After preprocessing the data, we have idenified the log returns of 438 companies, which were included in S&P500 in 2017. To recap, we are examining the stock returns from 2014 to 2017. Therefore, we will be examining the stock returns of 1010 days


#### Creating a new columns for days of the week

In [15]:
# The day of the week is added as a new index (creating a hierarchical index)
rawdata['days of week'] = [calendar.day_name[day.weekday()] for day in rawdata.index]

#### Exporting dataframe as csv

In [16]:
rawdata.to_csv('Sungbin2014_2017_SP500.csv')

#### Creating a multilevel index: Adding the week of day as an index

In [17]:
rawdata = rawdata.set_index(['days of week', logret.index])
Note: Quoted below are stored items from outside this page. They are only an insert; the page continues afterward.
(* For each $\alpha>0$ let $X_\alpha=(x_1,x_2,x_3)$ be as in the context, and set $y_1=x_1$, $y_2=x_2$, $y_3=x_3+\frac{x_1x_2}{2}$, viewed as functions of $(u,v)$. Let $(\hat u,\hat v)\in\mathbb{R}^2$, and for $\alpha>0$ let $u_\alpha=\frac{\hat u}{\alpha}$ and $v_\alpha=\frac{4\ln\alpha+\hat v}{2\alpha}$. Then, as $\alpha\to+\infty$, $$y_1(u_\alpha,v_\alpha)\to\frac{\sin\hat u}{4}e^{\hat v/2},\qquad y_2(u_\alpha,v_\alpha)\to0,\qquad y_3(u_\alpha,v_\alpha)\to-\frac{\cos\hat u}{4}e^{\hat v/2}.$$
   Context: $\mathrm{Nil}_3$ is $\mathbb{R}^3$ with the metric $dx_1^2+dx_2^2+\big(dx_3+\tfrac12(x_2dx_1-x_1dx_2)\big)^2$. For $\alpha>0$ and $\theta\in\mathbb{R}$ set $C_{\alpha,\theta}=\frac{\sin(2\theta)}{2\alpha}$ and $P_{\alpha,\theta}(x)=\alpha^2+\cos(2\theta)x^2-C_{\alpha,\theta}^2x^4$. Let $\theta^+_\alpha=\pi/2$ if $\alpha>1$, and $\theta^+_\alpha=\frac12\arccos(1-2\alpha^2)$ if $\alpha\le1$. Let $$L(\alpha,\theta)=\int_{-1}^1\frac{2\alpha C_{\alpha,\theta}^2x^2-\alpha\cos(2\theta)+C_{\alpha,\theta}^2x^2\sqrt{P_{\alpha,\theta}(x)}}{\sqrt{(1-x^2)P_{\alpha,\theta}(x)}(\alpha+\sqrt{P_{\alpha,\theta}(x)})}dx.$$ Let $\theta=\tilde\theta_\alpha$ be the unique $\theta\in(0,\theta^+_\alpha)\cap(0,\pi/4)$ with $L(\alpha,\theta)=0$, and $C=C_{\alpha,\theta}$. Let $\varphi$ solve $\varphi'^2=P_{\alpha,\theta}(\cos\varphi)$ with $\varphi(0)=0$ and $\varphi'(0)\le0$. Define $\beta'=C\cos^2\varphi$ with $\beta(0)=0$, and $G'=\frac{C^2\cos^2\varphi-\cos 2\theta}{\alpha-\varphi'}$ with $G(0)=0$. Put $A=\alpha v+\beta(u)$ and $X_\alpha(u,v)=(x_1,x_2,x_3)$ with $x_1=\frac{G'}{\alpha}\cos\varphi\sinh A-\frac C\alpha\sin\varphi\cosh A$, $x_2=Cv-G$, $x_3=-\frac{x_1x_2}2+\frac C\alpha(\frac{G'}{\alpha}-1)\cos\varphi\cosh A-\frac1\alpha(\frac{C^2}\alpha+G')\sin\varphi\sinh A$, where $\varphi,G,G'$ are evaluated at $u$. All these quantities depend on $\alpha$. *)

theory Defs
  imports "HOL-Analysis.Analysis"
begin

definition Ccoef :: "real \<Rightarrow> real \<Rightarrow> real" where
  "Ccoef \<alpha> \<theta> = sin (2 * \<theta>) / (2 * \<alpha>)"

definition Ppoly :: "real \<Rightarrow> real \<Rightarrow> real \<Rightarrow> real" where
  "Ppoly \<alpha> \<theta> x = \<alpha>^2 + cos (2 * \<theta>) * x^2 - (Ccoef \<alpha> \<theta>)^2 * x^4"

definition theta_plus :: "real \<Rightarrow> real" where
  "theta_plus \<alpha> = (if \<alpha> > 1 then pi / 2 else arccos (1 - 2 * \<alpha>^2) / 2)"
ValueError: Length mismatch: Expected 1009 rows, received array of length 1010

### Analyzing the Monday Effect
The next step is to analyze the Monday effect. First, as done in Arman and Lestari's research, one-sample t-test is conducted for each day of the week. The test value is 0. Therefore, a significant result indicates that it is highly unlikely to have obtained the average log stock returns on a specific day of the week given that the null hypothesis is true (i.e. the average log stock return is 0).

In [122]:
# Before we get into conducting one sample t-test, 
# let's look at the mean of log stock returns for each day of the week
logret.groupby(level=0).mean().mean(axis=1)

day
Friday       0.000360
Monday      -0.000040
Thursday     0.000372
Tuesday      0.000450
Wednesday    0.001083
dtype: float64

Wow! Unlike other days of the week (where the average log stock return is positive), Monday has a negative log stock returns. Let's see if this value is statistically significant. 

In [128]:
scipy.stats.ttest_1samp(logret.groupby(level=0),0)

  return array(a, dtype, copy=False, order=order)


ValueError: NumExpr 2 does not support Unicode as a dtype.